Whether Friday’s count will show an increase, decrease or no change from last year may not be known for months. The report from the January 2017 count was released in April.
There is some indication that the number of unsheltered people in downtown San Diego may have dropped, reversing an upward trend that showed a 27 percent jump in downtown homeless people in 2017.
A monthly count taken by the Downtown San Diego Partnership on Thursday found 803 people on the street, down from 1,012 in December.
The decrease could be related to three large tented structures the city has opened since December to house almost 700 homeless people. Two of the tents are downtown and one is in the Midway District. They were set up in the midst of a hepatitis A outbreak that killed 20 people and sickened 577 people, most of them homeless.
The organization’s monthly counts showed an average of 582 homeless people downtown in 2013. By 2016, that monthly average had jumped to about 1,400.
While downtown’s homeless population is the most visible, the bulk of the county’s homeless people are scattered throughout the county.
The count includes the number of people who checked into shelters on Thursday night. The hard part is finding the people who did not.
Volunteers gathered at 23 sites from South Bay to Fallbrook and from Pacific Beach to El Cajon, where they picked up clipboards, flashlights, maps and some coffee and donuts. They hit the road in teams of two at 4 a.m., hoping to spot people as they slept.
In North County, where hundreds of volunteers fanned out from Carlsbad to Escondido, a team of police officers scouring downtown Oceanside said there seemed to be fewer people than in previous years, perhaps because vacant spaces in-between places seemed less accessible than they have been in the past.
An alcove at a downtown business that used to be reliably filled with sleeping homeless people was empty, flood lights burning away the deep shadows that used to provide cover.
Lots that used to be open at the rear, providing a place to slip in and sleep showed wire fences blocking entry. A well-known back stairwell behind Regal Cinemas showed fresh signs of pressure washing.
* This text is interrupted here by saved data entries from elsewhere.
lemma hamming_wt_herm_dual_ge:
  fixes y :: "'a::{finite,field} \<Rightarrow> 'a"
  assumes "0 < q" and y: "y \<in> herm_dual q (fs.span ((\<lambda>i x. x ^ i) ` {0..t}))" "y \<noteq> 0"
  shows "t + 2 \<le> hamming_wt y"
proof (rule ccontr)
  define Z where "Z = {x. y x \<noteq> 0}"
  assume "\<not> t + 2 \<le> hamming_wt y"
  then have "card Z \<le> t + 1"
    by (simp add: hamming_wt_def Z_def)
  obtain a where a: "y a \<noteq> 0"
    using y(2) by (auto simp: fun_eq_iff)
  then have "card (Z - {a}) \<le> t"
    using \<open>card Z \<le> t + 1\<close> by (simp add: Z_def card_Diff_singleton)
  obtain f :: "'a poly" where deg: "degree f \<le> card (Z - {a})"
    and roots: "\<And>x. poly f x = 0 \<longleftrightarrow> x \<in> Z - {a}"
    using exists_poly_with_roots[of "Z - {a}"] by auto
  have "poly f \<in> fs.span ((\<lambda>i x. x ^ i) ` {0..t})"
    using deg \<open>card (Z - {a}) \<le> t\<close> by (intro poly_in_span_monomials) simp
  with y(1) have "herm_ip q (poly f) y = 0"
    by (simp add: herm_dual_def)
  moreover have "herm_ip q (poly f) y = poly f a * y a ^ q"
  proof -
    have "poly f x * y x ^ q = 0" if "x \<noteq> a" for x
      using that roots[of x] \<open>0 < q\<close> by (cases "y x = 0") (auto simp: Z_def)
    then have "(\<Sum>x\<in>UNIV - {a}. poly f x * y x ^ q) = 0"
      by (intro sum.neutral) auto
    then show ?thesis
      unfolding herm_ip_def by (simp add: sum.remove[of UNIV a])
  qed
  moreover have "poly f a \<noteq> 0"
    using roots by simp
  ultimately show False
    using a by simp
qed

lemma exists_herm_dual_weight:
  assumes card: "card (UNIV :: 'a::{finite,field} set) = q ^ 2" and t: "t \<le> q ^ 2 - 2"
  obtains y :: "'a::{finite,field} \<Rightarrow> 'a"
  where "y \<in> herm_dual q (fs.span ((\<lambda>i x. x ^ i) ` {0..t}))" "y \<noteq> 0" "hamming_wt y = t + 2"
proof -
  let ?N = "card (UNIV :: 'a set)"
  have N: "2 \<le> ?N"
    by (rule two_le_CARD_field)
  obtain W :: "'a set" where W: "card W = ?N - 2 - t"
    using obtain_subset_with_card_n[of "?N - 2 - t" "UNIV :: 'a set"] by auto
  obtain g :: "'a poly"
    where deg: "degree g \<le> card W" and roots: "\<And>x. poly g x = 0 \<longleftrightarrow> x \<in> W"
    using exists_poly_with_roots[of W] by auto
  \<comment> \<open>Since g(x)^(q^2) = g(x), the product of x^j with y is the power sum of x^j g(x).\<close>
  define y where "y x = poly g x ^ q" for x
  have "0 < q"
    using card N by (cases q) auto
  then have supp: "{x. y x \<noteq> 0} = UNIV - W"
    using roots by (auto simp: y_def)
  have "herm_ip q (\<lambda>x. x ^ j) y = 0" if "j \<le> t" for j
  proof -
    have "herm_ip q (\<lambda>x. x ^ j) y = (\<Sum>x\<in>UNIV. poly (monom 1 j * g) x)"
      using power_CARD[where 'a='a] card
      by (simp add: herm_ip_def y_def poly_monom power2_eq_square flip: power_mult)
    also have "\<dots> = 0"
    proof (rule sum_poly_eq_0)
      have "degree (monom 1 j * g) \<le> degree (monom (1::'a) j) + degree g"
        by (rule degree_mult_le)
      then have "degree (monom 1 j * g) \<le> j + degree g"
        by (simp add: degree_monom_eq)
      then show "degree (monom 1 j * g) < ?N - 1"
        using that deg W t card N by linarith
    qed
    finally show ?thesis .
  qed
  then have "y \<in> herm_dual q (fs.span ((\<lambda>i x. x ^ i) ` {0..t}))"
    unfolding herm_dual_span by (auto simp: herm_dual_def)
  moreover have "hamming_wt y = t + 2"
    using W t card N by (simp add: hamming_wt_def supp card_Diff_subset)
  moreover have "y \<noteq> 0"
  proof
    assume "y = 0"
    then have "W = UNIV"
      using supp by auto
    with W N show False
      by simp
  qed
  ultimately show ?thesis
    using that by blast
qed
Dumpsters in a commercial complex off Horne Street were locked up inside enclosures.
“We’ve noticed they’ve taken a lot of proactive approaches to limit the places where the homeless can bed down at night,” said Officer Steve Peppard.
Besides the count, the San Diego Regional Task Force on Homelessness began collecting information about the population through questionnaires that were filled out at 18 sites Friday throughout the day.
While most interviews are done indoors and at a more reasonable hour, the Golden Hall event was a kind of hybrid, with people conducting interviews on the street before dawn.
Participants included Congress members Susan Davis and Scott Peters, State Assembly Majority Whip Todd Gloria, County Supervisors Greg Cox and Ron Roberts and San Diego City Council members Chris Ward and David Alvarez.
Peters said he had been working with HUD to change the department’s funding formula to bring more money to San Diego’s homeless programs, but was disappointed that progress on the revision has stopped under the new administration.
“One thing about the Trump administration is, whatever you think of their ideology, it’s just chaos,” he said. “There’s not a lot of policy direction, and I think (HUD Secretary Ben) Carson is still on a learning curve.”
San Diego County had the fourth-largest homeless population in the nation last year, but has ranked 18th in funding in recent years.
Peters, a member of the House Committee on Veterans Affairs, said he also was disappointed that the new administration is reversing an Obama-era priority of ending homelessness among veterans.
Speaking to volunteers before they headed out to conduct surveys, Ward said the meetings with homeless people could be enlightening and shatter some myths and stereotypes.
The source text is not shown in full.